Jeremy J. Stone (born 1935) is the son of journalist and Soviet agent, I. F. Stone and Esther Stone. He is married B. J. Stone and they live in Somerset, Maryland.

Federation of American Scientists

Jeremy Stone was the president of the Federation of American Scientists from 1970 to 2000.where he "led that organization's advocacy initiatives in arms control, human rights, and foreign policy". In 2000, he was succeeded as president by Dr. Henry Kelly. Stone continued his work at a new organization called Catalytic Diplomacy. Stone is the son of the journalist and confirmed Soviet agent I. F. Stone.

As at Nov. 1972, Stone served on the National Council of the Federation. Stone was also one of the eight founding trustees of the FAS Fund which was launched as a charitable wing by the FAS in 1972.[1] In 1994 he was awarded the FAS Public Service Award.[2]

American Committee on East-West Accord

As at March 10, 1982, Jeremy Stone, director of the Federation of American Scientists was a member of the American Committee on East-West Accord. The ACEWA, based in Washington, D.C., was a tax-exempt "independent educational organization", with the stated aim of "improving East/West relations, with special focus on U.S.-Soviet relations." Stone also endorsed the Kennedy-Hatfield Nuclear Freeze Resolution which was introduced in the Senate on March 10, 1982.[3]

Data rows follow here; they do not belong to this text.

text \<open>Column \<open>j + 1\<close> of a Dickson matrix is column \<open>j\<close> with its rows cyclically shifted and the
  Frobenius \<open>x \<mapsto> x\<^sup>q\<close> applied entrywise, and the same holds for rows. Applying this semilinear
  shift to a linear relation shows that once a column depends on its predecessors, so do all later
  columns; hence the rank is at most the index \<open>k\<^sub>C\<close> of the first dependent column, and likewise
  at most the index \<open>k\<^sub>R\<close> of the first dependent row. For \<open>m = min k\<^sub>C k\<^sub>R\<close> the leading
  \<open>m \<times> m\<close> minor is nonzero: were it singular, its kernel vector would, as all rows are
  combinations of the first \<open>m\<close> rows, give a relation among the first \<open>m\<close> columns (or dually).
  So the rank is \<open>m\<close>, and since a nonzero minor never exceeds the rank, \<open>m\<close> is the largest
  size of a nonzero leading minor.\<close>

lemma finite_field_power_card_eq_self:
  fixes x :: "'a::{field,finite}"
  shows "x ^ card (UNIV :: 'a set) = x"
proof (cases "x = 0")
  case True
  then show ?thesis
    by (simp add: finite_UNIV_card_ge_0)
next
  case False
  define U where "U = UNIV - {0::'a}"
  have "(\<Prod>y\<in>U. x * y) = (\<Prod>y\<in>U. y)"
    by (rule prod.reindex_bij_witness[of _ "\<lambda>y. y / x" "\<lambda>y. x * y"])
       (use False in \<open>auto simp: U_def\<close>)
  then have "x ^ card U * \<Prod>U = \<Prod>U"
    by (simp add: prod.distrib)
  moreover have "\<Prod>U \<noteq> 0"
    by (simp add: U_def)
  ultimately have "x ^ card U = 1"
    by simp
  moreover have "card (UNIV :: 'a set) = Suc (card U)"
    by (simp add: U_def card_Diff_singleton finite_UNIV_card_ge_0)
  ultimately show ?thesis
    by simp
qed
lemma irredundant_mb_decomposition_unique:
  fixes \<sigma> :: "'a::field \<Rightarrow> 'a" and B1 B2 :: "('n::countable \<Rightarrow> int) set"
  assumes endo: "ring_endo \<sigma>"
    and B1: "finite B1" "\<forall>b\<in>B1. valid_b b" "\<forall>b\<in>B1. (\<Inter>c\<in>B1 - {b}. mb \<sigma> c) \<noteq> (\<Inter>c\<in>B1. mb \<sigma> c)"
    and B2: "finite B2" "\<forall>b\<in>B2. valid_b b" "\<forall>b\<in>B2. (\<Inter>c\<in>B2 - {b}. mb \<sigma> c) \<noteq> (\<Inter>c\<in>B2. mb \<sigma> c)"
    and eq: "(\<Inter>b\<in>B1. mb \<sigma> b) = (\<Inter>b\<in>B2. mb \<sigma> b)"
  shows "mb \<sigma> ` B1 = mb \<sigma> ` B2"
proof -
  have "\<forall>b\<in>B1. \<exists>c\<in>B2. mb \<sigma> c \<subseteq> mb \<sigma> b"
    using eq B1(2) by (auto intro!: mb_Inter_subset_mb[OF endo B2(1,2)])
  moreover have "\<forall>c\<in>B2. \<exists>b\<in>B1. mb \<sigma> b \<subseteq> mb \<sigma> c"
    using eq B2(2) by (auto intro!: mb_Inter_subset_mb[OF endo B1(1,2)])
  ultimately show ?thesis
    using B1(3) B2(3) by (intro equalityI irredundant_Inter_image_subset) auto
qed

theorem theorem5p4:
  fixes \<sigma> :: "'a::field_char_0 \<Rightarrow> 'a"
    and S :: "('n::finite \<Rightarrow> nat poly) set"
    and I :: "('n, 'a) dpoly set"
  assumes endo: "ring_endo \<sigma>"
    and I_def: "I = rwm_closure \<sigma> (ymon ` S)"
  shows "(\<exists>B. finite B \<and> (\<forall>b\<in>B. valid_b b) \<and> I = (\<Inter>b\<in>B. mb \<sigma> b))
    \<and> (\<forall>B1 B2. finite B1 \<and> (\<forall>b\<in>B1. valid_b b) \<and> I = (\<Inter>b\<in>B1. mb \<sigma> b)
                \<and> (\<forall>b\<in>B1. (\<Inter>c\<in>B1 - {b}. mb \<sigma> c) \<noteq> I)
           \<longrightarrow> finite B2 \<and> (\<forall>b\<in>B2. valid_b b) \<and> I = (\<Inter>b\<in>B2. mb \<sigma> b)
                \<and> (\<forall>b\<in>B2. (\<Inter>c\<in>B2 - {b}. mb \<sigma> c) \<noteq> I)
           \<longrightarrow> mb \<sigma> ` B1 = mb \<sigma> ` B2)"
proof (intro conjI allI impI)
  show "\<exists>B. finite B \<and> (\<forall>b\<in>B. valid_b b) \<and> I = (\<Inter>b\<in>B. mb \<sigma> b)"
    unfolding I_def by (rule rwm_closure_ymon_decomposition[OF endo])
next
  fix B1 B2 :: "('n \<Rightarrow> int) set"
  assume "finite B1 \<and> (\<forall>b\<in>B1. valid_b b) \<and> I = (\<Inter>b\<in>B1. mb \<sigma> b)
      \<and> (\<forall>b\<in>B1. (\<Inter>c\<in>B1 - {b}. mb \<sigma> c) \<noteq> I)"
    and "finite B2 \<and> (\<forall>b\<in>B2. valid_b b) \<and> I = (\<Inter>b\<in>B2. mb \<sigma> b)
      \<and> (\<forall>b\<in>B2. (\<Inter>c\<in>B2 - {b}. mb \<sigma> c) \<noteq> I)"
  then show "mb \<sigma> ` B1 = mb \<sigma> ` B2"
    by (intro irredundant_mb_decomposition_unique[OF endo]) auto
qed

end
lemma martingale_W: "martingale_wrt M F W"
  unfolding martingale_wrt_def
proof (intro allI impI conjI)
  fix n :: nat assume n: "1 \<le> n"
  show "subalgebra M (F n)" by (rule subalgebra_F)
  show "sets (F n) \<subseteq> sets (F (Suc n))" by (rule sets_F_mono)
  show W_F: "W n \<in> borel_measurable (F n)" by (rule borel_measurable_W_F)
  have W_M: "W k \<in> borel_measurable M" for k
    by (rule measurable_from_subalg[OF subalgebra_F borel_measurable_W_F])
  have int_W: "integrable M (W k)" for k
    by (rule integrable_if_abs_bounded[OF W_M abs_W_le_2])
  then show "integrable M (W n)" .
  interpret F: finite_measure_subalgebra M "F n"
    by unfold_locales (rule subalgebra_F)
  show "AE \<omega> in M. real_cond_exp M (F n) (W (Suc n)) \<omega> = W n \<omega>"
  proof (rule F.real_cond_exp_charact[OF _ int_W int_W W_F])
    fix A assume "A \<in> sets (F n)"
    then have "A \<in> sets (history n)"
      using sets_F_subset_history by blast
    then have "indicator A \<in> borel_measurable (history n)"
      by simp
    then have "(\<integral>\<omega>. W (Suc n) \<omega> * indicator A \<omega> \<partial>M) = (\<integral>\<omega>. W n \<omega> * indicator A \<omega> \<partial>M)"
      by (rule integral_W_Suc_mult[OF n, where K=1]) (simp add: indicator_def)
    then show "(\<integral>\<omega>\<in>A. W (Suc n) \<omega> \<partial>M) = (\<integral>\<omega>\<in>A. W n \<omega> \<partial>M)"
      unfolding set_lebesgue_integral_def by (simp add: mult.commute)
  qed
qed

lemma AE_convergent_W: "AE \<omega> in M. convergent (\<lambda>n. W n \<omega>)"
proof -
  interpret orthogonal_slow_increments M W history 2 4
  proof unfold_locales
    fix m and Z :: "'a \<Rightarrow> real" and K :: real
    assume "1 \<le> m" "Z \<in> borel_measurable (history m)" "\<And>\<omega>. \<omega> \<in> space M \<Longrightarrow> \<bar>Z \<omega>\<bar> \<le> K"
    then show "expectation (\<lambda>\<omega>. W (Suc m) \<omega> * Z \<omega>) = expectation (\<lambda>\<omega>. W m \<omega> * Z \<omega>)"
      by (rule integral_W_Suc_mult)
  next
    fix m n :: nat and \<omega> assume "1 \<le> m" "m \<le> n"
    then show "\<bar>W n \<omega> - W m \<omega>\<bar> \<le> 4 * (real n - real m) / real m"
      by (rule abs_W_diff_le)
  qed (simp_all add: subalgebra_history borel_measurable_W_history abs_W_le_2)
  show ?thesis
    by (rule AE_convergent)
qed

lemma bounded_convergent_martingale_and_weighted_sum:
  fixes z z' e :: "nat \<Rightarrow> 'a \<Rightarrow> real" and beta :: "nat \<Rightarrow> real"
  assumes z: "\<And>n \<omega>. z n \<omega> = (S 1 n \<omega> + s * S 2 n \<omega>) / real n"
    and z': "\<And>n \<omega>. z' n \<omega> = (S 1 n \<omega> - s * S 2 n \<omega>) / real n"
    and e: "\<And>j \<omega>. e (Suc j) \<omega> = (X 1 (Suc j) \<omega> - s * X 2 (Suc j) \<omega> + z' j \<omega>) / 2"
    and beta: "\<And>n. beta n = 2 / (real n * (real n - 1))"
  shows "martingale_wrt M F z \<and> (\<exists>B. \<forall>n\<ge>1. \<forall>\<omega>\<in>space M. \<bar>z n \<omega>\<bar> \<le> B) \<and>
    (AE \<omega> in M. convergent (\<lambda>n. z n \<omega>)) \<and>
    (\<forall>n\<ge>2. \<forall>\<omega>\<in>space M. z' n \<omega> = beta n * (z' 2 \<omega> + (\<Sum>j=2..n-1. real j * e (Suc j) \<omega>)))"
proof -
  have "z = W"
    by (simp add: fun_eq_iff z W_def)
  moreover have "z' n \<omega> = beta n * (z' 2 \<omega> + (\<Sum>j=2..n-1. real j * e (Suc j) \<omega>))" if "2 \<le> n" for n \<omega>
    using combination_average_eq_weighted_sum[OF that, of \<omega> "-s"] by (simp add: z' e beta)
  ultimately show ?thesis
    using martingale_W abs_W_le_2 AE_convergent_W by blast
qed

end

theorem lemma3p3:
  fixes M :: "'a measure" and p :: "nat \<Rightarrow> real"
    and xi :: "nat \<Rightarrow> nat \<Rightarrow> 'a \<Rightarrow> bool" and u :: "nat \<Rightarrow> nat \<Rightarrow> 'a \<Rightarrow> nat"
    and a :: "nat \<Rightarrow> real"
    and X :: "nat \<Rightarrow> nat \<Rightarrow> 'a \<Rightarrow> real" and S :: "nat \<Rightarrow> nat \<Rightarrow> 'a \<Rightarrow> real"
    and F :: "nat \<Rightarrow> 'a measure"
    and x y eps_x eps_y :: "nat \<Rightarrow> 'a \<Rightarrow> real"
    and beta :: "nat \<Rightarrow> real"
  assumes M: "prob_space M"
    and p: "\<forall>i\<in>{1,2}. 0 \<le> p i \<and> p i \<le> 1"
    and a: "\<forall>i\<in>{1,2}. a i \<in> {-1, 1}"
    and indep: "prob_space.indep_vars M (\<lambda>_. count_space UNIV)
        (\<lambda>k \<omega>. case k of (True, i, n) \<Rightarrow> Inl (xi i n \<omega>) | (False, i, n) \<Rightarrow> Inr (u i n \<omega>))
        (({True} \<times> {1,2} \<times> {2..}) \<union> ({False} \<times> {1,2} \<times> {1..}))"
    and xi_distr: "\<forall>i\<in>{1,2}. \<forall>n\<ge>2.
        distr M (count_space UNIV) (xi i n) = measure_pmf (bernoulli_pmf (p i))"
    and u_distr: "\<forall>i\<in>{1,2}. \<forall>n\<ge>1.
        distr M (count_space UNIV) (u i n) = measure_pmf (pmf_of_set {1..n})"
    and X_def: "\<And>i n \<omega>. X i n \<omega> = ew (\<lambda>i n. xi i n \<omega>) (\<lambda>i n. u i n \<omega>) a i n"
    and S_def: "\<And>i n \<omega>. S i n \<omega> = (\<Sum>k=1..n. X i k \<omega>)"
    and F_def: "\<And>n. F n = sigma (space M)
        (\<Union>i\<in>{1,2}. \<Union>j\<in>{1..n}. {X i j -` A \<inter> space M | A. A \<in> sets borel})"
    and x_def: "\<And>n \<omega>. x n \<omega> =
        (S 1 n \<omega> - r_alpha (2 * p 1 - 1) (2 * p 2 - 1) * S 2 n \<omega>) / real n"
    and y_def: "\<And>n \<omega>. y n \<omega> =
        (S 1 n \<omega> + r_alpha (2 * p 1 - 1) (2 * p 2 - 1) * S 2 n \<omega>) / real n"
    and eps_x_def: "\<And>j \<omega>. eps_x (Suc j) \<omega> =
        1 / (1 + lam_alpha (2 * p 1 - 1) (2 * p 2 - 1)) *
        (X 1 (Suc j) \<omega> - r_alpha (2 * p 1 - 1) (2 * p 2 - 1) * X 2 (Suc j) \<omega>
          + lam_alpha (2 * p 1 - 1) (2 * p 2 - 1) * x j \<omega>)"
    and eps_y_def: "\<And>j \<omega>. eps_y (Suc j) \<omega> =
        1 / (1 - lam_alpha (2 * p 1 - 1) (2 * p 2 - 1)) *
        (X 1 (Suc j) \<omega> + r_alpha (2 * p 1 - 1) (2 * p 2 - 1) * X 2 (Suc j) \<omega>
          - lam_alpha (2 * p 1 - 1) (2 * p 2 - 1) * y j \<omega>)"
    and beta_def: "\<And>n. beta n = 2 / (real n * (real n - 1))"
  shows
    "(2 * p 1 - 1 = -1 \<and> 2 * p 2 - 1 = -1 \<longrightarrow>
        martingale_wrt M F x
      \<and> (\<exists>B. \<forall>n\<ge>1. \<forall>\<omega>\<in>space M. \<bar>x n \<omega>\<bar> \<le> B)
      \<and> (AE \<omega> in M. convergent (\<lambda>n. x n \<omega>))
      \<and> (\<forall>n\<ge>2. \<forall>\<omega>\<in>space M.
            y n \<omega> = beta n * (y 2 \<omega> + (\<Sum>j=2..n-1. real j * eps_y (Suc j) \<omega>))))
   \<and> (2 * p 1 - 1 = 1 \<and> 2 * p 2 - 1 = 1 \<longrightarrow>
        martingale_wrt M F y
      \<and> (\<exists>B. \<forall>n\<ge>1. \<forall>\<omega>\<in>space M. \<bar>y n \<omega>\<bar> \<le> B)
      \<and> (AE \<omega> in M. convergent (\<lambda>n. y n \<omega>))
      \<and> (\<forall>n\<ge>2. \<forall>\<omega>\<in>space M.
            x n \<omega> = beta n * (x 2 \<omega> + (\<Sum>j=2..n-1. real j * eps_x (Suc j) \<omega>))))"
proof -
  have walk: "two_elephant_walk M xi u a X S F"
    by (intro two_elephant_walk.intro[OF M] two_elephant_walk_axioms.intro
        a indep u_distr X_def S_def F_def)
  have degenerate: "degenerate_two_elephant_walk M xi u a X S F p s"
    if "2 * p 1 - 1 = s" "2 * p 2 - 1 = s" "s = 1 \<or> s = -1" for s
    using walk xi_distr that
    by (simp add: degenerate_two_elephant_walk_def degenerate_two_elephant_walk_axioms_def)
  show ?thesis
  proof (rule conjI; rule impI)
    assume h: "2 * p 1 - 1 = -1 \<and> 2 * p 2 - 1 = -1"
    then interpret degenerate_two_elephant_walk M xi u a X S F p "-1"
      using degenerate by auto
    from h have "r_alpha (2 * p 1 - 1) (2 * p 2 - 1) = 1"
      and "lam_alpha (2 * p 1 - 1) (2 * p 2 - 1) = -1"
      by (simp_all add: r_alpha_def lam_alpha_def)
    then show "martingale_wrt M F x \<and> (\<exists>B. \<forall>n\<ge>1. \<forall>\<omega>\<in>space M. \<bar>x n \<omega>\<bar> \<le> B) \<and>
        (AE \<omega> in M. convergent (\<lambda>n. x n \<omega>)) \<and>
        (\<forall>n\<ge>2. \<forall>\<omega>\<in>space M. y n \<omega> = beta n * (y 2 \<omega> + (\<Sum>j=2..n-1. real j * eps_y (Suc j) \<omega>)))"
      by (intro bounded_convergent_martingale_and_weighted_sum)
        (simp_all add: x_def y_def eps_y_def beta_def diff_divide_distrib add_divide_distrib)
  next
    assume h: "2 * p 1 - 1 = 1 \<and> 2 * p 2 - 1 = 1"
    then interpret degenerate_two_elephant_walk M xi u a X S F p 1
      using degenerate by auto
    from h have "r_alpha (2 * p 1 - 1) (2 * p 2 - 1) = 1"
      and "lam_alpha (2 * p 1 - 1) (2 * p 2 - 1) = 1"
      by (simp_all add: r_alpha_def lam_alpha_def)
    then show "martingale_wrt M F y \<and> (\<exists>B. \<forall>n\<ge>1. \<forall>\<omega>\<in>space M. \<bar>y n \<omega>\<bar> \<le> B) \<and>
        (AE \<omega> in M. convergent (\<lambda>n. y n \<omega>)) \<and>
        (\<forall>n\<ge>2. \<forall>\<omega>\<in>space M. x n \<omega> = beta n * (x 2 \<omega> + (\<Sum>j=2..n-1. real j * eps_x (Suc j) \<omega>)))"
      by (intro bounded_convergent_martingale_and_weighted_sum)
        (simp_all add: x_def y_def eps_x_def beta_def)
  qed
qed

In 1995 the FAS presented Jeremy Stone, its chief executive officer, with its Public Service Award on his 25th year of service, calling him the "head and heart of FAS for its second quarter century." Upon announcement of his intention to step down in 1999, the FAS commented,

"In 1970, Jeremy took over the management of an organization that was losing its vitality and revived it. He increased its membership to record levels, recruited a distinguished list of sponsors, and recruited and retained an excellent staff. For these three decades, he has provided the energy to drive the organization and the critical leadership to steer it. He shaped and harmonized the ideas of its officers and active membership, often on ideas he himself had generated. His long tenure made him the dean of public interest organizations in our field. Through creative methods of fund-raising, he went well beyond maintaining the organization; he is leaving it with substantial assets that provide the capability to initiate and support important projects that cannot be immediately funded.
Beyond expanding and administering the organization, Jeremy has made significant contributions to peace and security in arms control treaty-making on ABM and nuclear weapons reductions, in improving relations between the United States and Russia and China, in human rights and in international scientific exchange.
We welcome his intention to continue to work under the rubric of Catalytic Diplomacy, and expect that he will find useful collaborations with FAS and other like-minded organizations in pursuing common goals."[4]

IPS connections

Jeremy Stone has ties to the radical Washington DC based "think tank", Institute for Policy Studies.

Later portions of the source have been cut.